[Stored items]
****************************************
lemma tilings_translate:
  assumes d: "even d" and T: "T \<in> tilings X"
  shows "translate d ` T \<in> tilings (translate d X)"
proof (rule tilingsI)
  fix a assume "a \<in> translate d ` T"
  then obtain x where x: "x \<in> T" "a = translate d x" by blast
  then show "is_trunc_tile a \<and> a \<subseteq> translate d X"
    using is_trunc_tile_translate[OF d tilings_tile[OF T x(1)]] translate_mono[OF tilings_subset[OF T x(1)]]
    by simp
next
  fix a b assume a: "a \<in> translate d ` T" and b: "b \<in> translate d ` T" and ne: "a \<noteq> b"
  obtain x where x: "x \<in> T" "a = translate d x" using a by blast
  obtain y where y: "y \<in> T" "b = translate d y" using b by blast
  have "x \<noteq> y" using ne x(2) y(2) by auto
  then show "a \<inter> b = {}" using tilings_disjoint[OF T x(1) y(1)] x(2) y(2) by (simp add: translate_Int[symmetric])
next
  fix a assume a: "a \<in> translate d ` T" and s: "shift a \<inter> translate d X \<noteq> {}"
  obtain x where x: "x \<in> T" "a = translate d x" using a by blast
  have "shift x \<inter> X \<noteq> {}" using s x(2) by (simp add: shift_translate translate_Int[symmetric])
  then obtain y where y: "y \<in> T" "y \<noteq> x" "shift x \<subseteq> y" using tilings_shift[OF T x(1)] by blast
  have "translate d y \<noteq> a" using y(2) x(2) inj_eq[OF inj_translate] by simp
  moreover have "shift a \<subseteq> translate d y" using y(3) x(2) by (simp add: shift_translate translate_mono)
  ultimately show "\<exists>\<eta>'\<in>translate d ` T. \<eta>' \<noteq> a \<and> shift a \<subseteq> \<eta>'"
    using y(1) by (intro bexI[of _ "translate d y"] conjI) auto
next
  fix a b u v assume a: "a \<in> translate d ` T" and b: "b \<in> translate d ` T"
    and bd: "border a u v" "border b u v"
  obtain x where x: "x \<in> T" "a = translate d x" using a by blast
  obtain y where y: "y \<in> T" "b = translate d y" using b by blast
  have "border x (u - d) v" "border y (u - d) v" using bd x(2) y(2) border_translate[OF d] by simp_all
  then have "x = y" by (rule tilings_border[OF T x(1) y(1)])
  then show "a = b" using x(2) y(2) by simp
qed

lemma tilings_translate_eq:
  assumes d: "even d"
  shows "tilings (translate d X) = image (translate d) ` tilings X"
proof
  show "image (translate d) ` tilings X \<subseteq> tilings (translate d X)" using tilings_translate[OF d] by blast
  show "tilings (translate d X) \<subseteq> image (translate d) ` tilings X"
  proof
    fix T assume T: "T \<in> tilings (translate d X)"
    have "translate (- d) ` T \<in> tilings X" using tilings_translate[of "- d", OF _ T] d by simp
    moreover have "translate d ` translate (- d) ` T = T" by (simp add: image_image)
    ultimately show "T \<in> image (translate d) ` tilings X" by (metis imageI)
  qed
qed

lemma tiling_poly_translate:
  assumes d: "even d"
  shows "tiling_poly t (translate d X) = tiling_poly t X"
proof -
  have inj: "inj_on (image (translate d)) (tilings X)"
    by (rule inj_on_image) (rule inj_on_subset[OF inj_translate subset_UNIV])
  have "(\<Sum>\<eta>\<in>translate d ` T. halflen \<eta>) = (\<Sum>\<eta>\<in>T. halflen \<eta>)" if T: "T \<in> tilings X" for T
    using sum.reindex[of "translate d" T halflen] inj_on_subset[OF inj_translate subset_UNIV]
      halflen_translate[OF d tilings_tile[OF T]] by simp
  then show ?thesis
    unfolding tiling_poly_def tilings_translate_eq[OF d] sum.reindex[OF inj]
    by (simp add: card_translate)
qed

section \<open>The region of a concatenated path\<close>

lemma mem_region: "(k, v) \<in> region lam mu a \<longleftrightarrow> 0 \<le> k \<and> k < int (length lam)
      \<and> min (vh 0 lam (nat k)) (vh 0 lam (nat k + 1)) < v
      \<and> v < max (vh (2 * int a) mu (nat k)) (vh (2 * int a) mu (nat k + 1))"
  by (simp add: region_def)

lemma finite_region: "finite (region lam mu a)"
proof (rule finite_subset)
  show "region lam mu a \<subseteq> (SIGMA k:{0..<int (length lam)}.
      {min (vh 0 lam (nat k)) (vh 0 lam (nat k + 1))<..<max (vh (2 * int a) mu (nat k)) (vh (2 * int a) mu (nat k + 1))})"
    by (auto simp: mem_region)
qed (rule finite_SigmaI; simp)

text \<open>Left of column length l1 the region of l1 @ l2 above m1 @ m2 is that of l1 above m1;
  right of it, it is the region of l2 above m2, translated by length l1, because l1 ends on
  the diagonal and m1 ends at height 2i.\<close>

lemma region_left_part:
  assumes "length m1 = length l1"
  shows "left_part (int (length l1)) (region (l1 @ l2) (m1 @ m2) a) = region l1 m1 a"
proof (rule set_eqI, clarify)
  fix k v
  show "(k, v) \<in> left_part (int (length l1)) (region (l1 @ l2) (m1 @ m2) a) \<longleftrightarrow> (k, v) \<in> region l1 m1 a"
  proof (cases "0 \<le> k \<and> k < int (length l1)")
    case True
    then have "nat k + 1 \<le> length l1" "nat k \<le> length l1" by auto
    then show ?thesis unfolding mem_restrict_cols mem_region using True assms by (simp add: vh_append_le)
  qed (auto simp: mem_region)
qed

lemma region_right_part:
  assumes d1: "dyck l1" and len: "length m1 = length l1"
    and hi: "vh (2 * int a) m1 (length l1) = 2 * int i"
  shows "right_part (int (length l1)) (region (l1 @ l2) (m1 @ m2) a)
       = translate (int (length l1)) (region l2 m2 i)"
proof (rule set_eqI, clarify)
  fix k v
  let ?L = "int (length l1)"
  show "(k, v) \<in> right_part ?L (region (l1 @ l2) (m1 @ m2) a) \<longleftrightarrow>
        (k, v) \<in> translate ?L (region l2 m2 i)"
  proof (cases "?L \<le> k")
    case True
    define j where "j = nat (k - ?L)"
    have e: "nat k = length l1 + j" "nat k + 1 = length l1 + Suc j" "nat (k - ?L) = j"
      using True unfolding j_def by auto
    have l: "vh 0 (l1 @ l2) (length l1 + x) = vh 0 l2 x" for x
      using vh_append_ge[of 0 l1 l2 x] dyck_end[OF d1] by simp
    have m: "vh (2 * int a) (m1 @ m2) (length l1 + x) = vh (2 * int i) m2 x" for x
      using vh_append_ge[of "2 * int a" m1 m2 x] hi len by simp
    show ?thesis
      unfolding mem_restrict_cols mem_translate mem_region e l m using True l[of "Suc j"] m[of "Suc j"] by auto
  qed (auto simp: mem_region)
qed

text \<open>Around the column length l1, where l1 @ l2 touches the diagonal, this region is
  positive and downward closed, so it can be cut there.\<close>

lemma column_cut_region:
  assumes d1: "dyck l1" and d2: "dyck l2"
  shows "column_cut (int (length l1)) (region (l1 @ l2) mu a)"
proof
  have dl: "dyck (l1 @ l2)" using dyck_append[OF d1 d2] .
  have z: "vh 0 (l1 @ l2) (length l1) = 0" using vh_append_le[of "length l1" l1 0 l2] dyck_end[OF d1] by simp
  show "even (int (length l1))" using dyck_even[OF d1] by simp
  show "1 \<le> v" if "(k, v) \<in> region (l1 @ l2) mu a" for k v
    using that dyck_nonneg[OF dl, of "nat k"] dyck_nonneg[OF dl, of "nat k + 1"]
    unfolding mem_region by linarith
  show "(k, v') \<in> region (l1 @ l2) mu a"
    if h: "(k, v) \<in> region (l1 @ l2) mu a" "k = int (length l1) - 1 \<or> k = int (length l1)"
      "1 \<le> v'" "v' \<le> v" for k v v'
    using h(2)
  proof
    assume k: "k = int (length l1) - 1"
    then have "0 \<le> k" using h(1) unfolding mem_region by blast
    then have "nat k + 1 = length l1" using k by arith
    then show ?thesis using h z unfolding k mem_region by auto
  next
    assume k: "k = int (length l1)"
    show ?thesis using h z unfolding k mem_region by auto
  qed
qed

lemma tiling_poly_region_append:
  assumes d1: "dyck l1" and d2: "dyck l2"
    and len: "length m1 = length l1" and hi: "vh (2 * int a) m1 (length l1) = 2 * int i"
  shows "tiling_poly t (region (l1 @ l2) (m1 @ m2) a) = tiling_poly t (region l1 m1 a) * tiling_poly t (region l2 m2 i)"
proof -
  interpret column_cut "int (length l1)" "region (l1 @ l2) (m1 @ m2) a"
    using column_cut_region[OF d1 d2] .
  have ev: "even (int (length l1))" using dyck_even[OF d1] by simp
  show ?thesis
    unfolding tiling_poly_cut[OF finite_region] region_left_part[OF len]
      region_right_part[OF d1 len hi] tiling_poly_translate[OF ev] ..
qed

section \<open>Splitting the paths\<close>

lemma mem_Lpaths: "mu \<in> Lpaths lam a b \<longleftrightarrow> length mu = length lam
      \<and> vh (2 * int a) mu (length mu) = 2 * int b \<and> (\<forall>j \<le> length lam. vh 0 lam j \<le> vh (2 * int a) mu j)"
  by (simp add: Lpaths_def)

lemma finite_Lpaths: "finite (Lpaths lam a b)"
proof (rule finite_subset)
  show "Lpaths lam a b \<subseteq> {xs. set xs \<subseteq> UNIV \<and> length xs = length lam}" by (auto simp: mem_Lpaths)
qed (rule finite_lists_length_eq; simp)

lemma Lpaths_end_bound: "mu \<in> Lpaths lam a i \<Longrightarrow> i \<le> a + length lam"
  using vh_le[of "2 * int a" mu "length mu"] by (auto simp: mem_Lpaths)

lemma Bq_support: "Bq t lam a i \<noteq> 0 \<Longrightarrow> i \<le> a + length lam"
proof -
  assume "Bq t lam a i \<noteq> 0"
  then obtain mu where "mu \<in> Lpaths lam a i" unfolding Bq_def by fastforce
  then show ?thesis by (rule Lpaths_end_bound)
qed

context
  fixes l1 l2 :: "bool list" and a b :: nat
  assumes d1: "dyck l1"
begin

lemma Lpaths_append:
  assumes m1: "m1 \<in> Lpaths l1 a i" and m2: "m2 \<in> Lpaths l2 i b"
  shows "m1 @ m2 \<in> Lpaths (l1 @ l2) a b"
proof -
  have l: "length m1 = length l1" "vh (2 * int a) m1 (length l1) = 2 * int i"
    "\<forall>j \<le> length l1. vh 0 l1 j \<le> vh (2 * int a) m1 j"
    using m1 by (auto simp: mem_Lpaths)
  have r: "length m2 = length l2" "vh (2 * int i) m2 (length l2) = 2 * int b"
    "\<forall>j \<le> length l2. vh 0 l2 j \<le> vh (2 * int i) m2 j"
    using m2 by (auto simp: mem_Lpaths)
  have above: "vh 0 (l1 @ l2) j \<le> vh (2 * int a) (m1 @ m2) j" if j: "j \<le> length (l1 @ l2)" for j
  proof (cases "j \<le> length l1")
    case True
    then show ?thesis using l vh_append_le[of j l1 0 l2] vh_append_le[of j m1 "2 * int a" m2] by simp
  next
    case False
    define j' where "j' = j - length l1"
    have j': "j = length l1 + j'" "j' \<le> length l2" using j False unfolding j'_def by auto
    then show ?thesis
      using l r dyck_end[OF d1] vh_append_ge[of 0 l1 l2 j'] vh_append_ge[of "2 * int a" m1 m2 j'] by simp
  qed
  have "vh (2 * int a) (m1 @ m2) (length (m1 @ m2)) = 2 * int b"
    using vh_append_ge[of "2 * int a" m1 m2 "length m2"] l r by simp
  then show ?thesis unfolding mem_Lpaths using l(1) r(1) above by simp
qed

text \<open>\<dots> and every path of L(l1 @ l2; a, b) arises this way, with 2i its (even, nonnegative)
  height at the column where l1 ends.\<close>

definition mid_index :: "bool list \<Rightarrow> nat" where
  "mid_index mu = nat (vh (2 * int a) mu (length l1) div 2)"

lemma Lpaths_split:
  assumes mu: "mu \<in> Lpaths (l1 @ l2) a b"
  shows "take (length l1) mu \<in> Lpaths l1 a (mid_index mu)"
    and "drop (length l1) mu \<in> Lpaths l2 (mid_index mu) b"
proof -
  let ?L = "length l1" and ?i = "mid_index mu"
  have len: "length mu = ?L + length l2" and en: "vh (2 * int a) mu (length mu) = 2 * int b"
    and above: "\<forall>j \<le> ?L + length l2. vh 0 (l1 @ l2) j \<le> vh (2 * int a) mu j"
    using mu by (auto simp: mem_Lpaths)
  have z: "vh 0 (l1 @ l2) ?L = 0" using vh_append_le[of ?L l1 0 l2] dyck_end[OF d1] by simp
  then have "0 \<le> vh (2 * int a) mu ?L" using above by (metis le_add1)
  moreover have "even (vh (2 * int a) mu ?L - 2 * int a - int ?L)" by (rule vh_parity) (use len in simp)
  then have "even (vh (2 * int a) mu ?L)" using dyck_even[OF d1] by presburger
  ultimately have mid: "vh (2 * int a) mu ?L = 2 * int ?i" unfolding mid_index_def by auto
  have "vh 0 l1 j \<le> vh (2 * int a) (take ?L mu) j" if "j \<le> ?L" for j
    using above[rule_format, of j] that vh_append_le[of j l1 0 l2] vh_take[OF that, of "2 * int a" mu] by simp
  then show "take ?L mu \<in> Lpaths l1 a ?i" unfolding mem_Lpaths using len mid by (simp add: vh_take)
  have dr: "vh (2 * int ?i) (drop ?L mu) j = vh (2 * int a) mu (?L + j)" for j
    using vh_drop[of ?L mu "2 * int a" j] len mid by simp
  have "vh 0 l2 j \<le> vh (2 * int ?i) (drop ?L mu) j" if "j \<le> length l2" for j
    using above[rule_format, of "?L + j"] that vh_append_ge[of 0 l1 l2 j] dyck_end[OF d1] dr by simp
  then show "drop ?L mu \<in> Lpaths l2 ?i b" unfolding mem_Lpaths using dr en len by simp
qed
****************************************
Problem to solve » Quote every line of the records above, from the first down to the one holding "a \<and> a \<subseteq>", exactly as written.

Reply to the exercise »
lemma tilings_translate:
  assumes d: "even d" and T: "T \<in> tilings X"
  shows "translate d ` T \<in> tilings (translate d X)"
proof (rule tilingsI)
  fix a assume "a \<in> translate d ` T"
  then obtain x where x: "x \<in> T" "a = translate d x" by blast
  then show "is_trunc_tile a \<and> a \<subseteq> translate d X"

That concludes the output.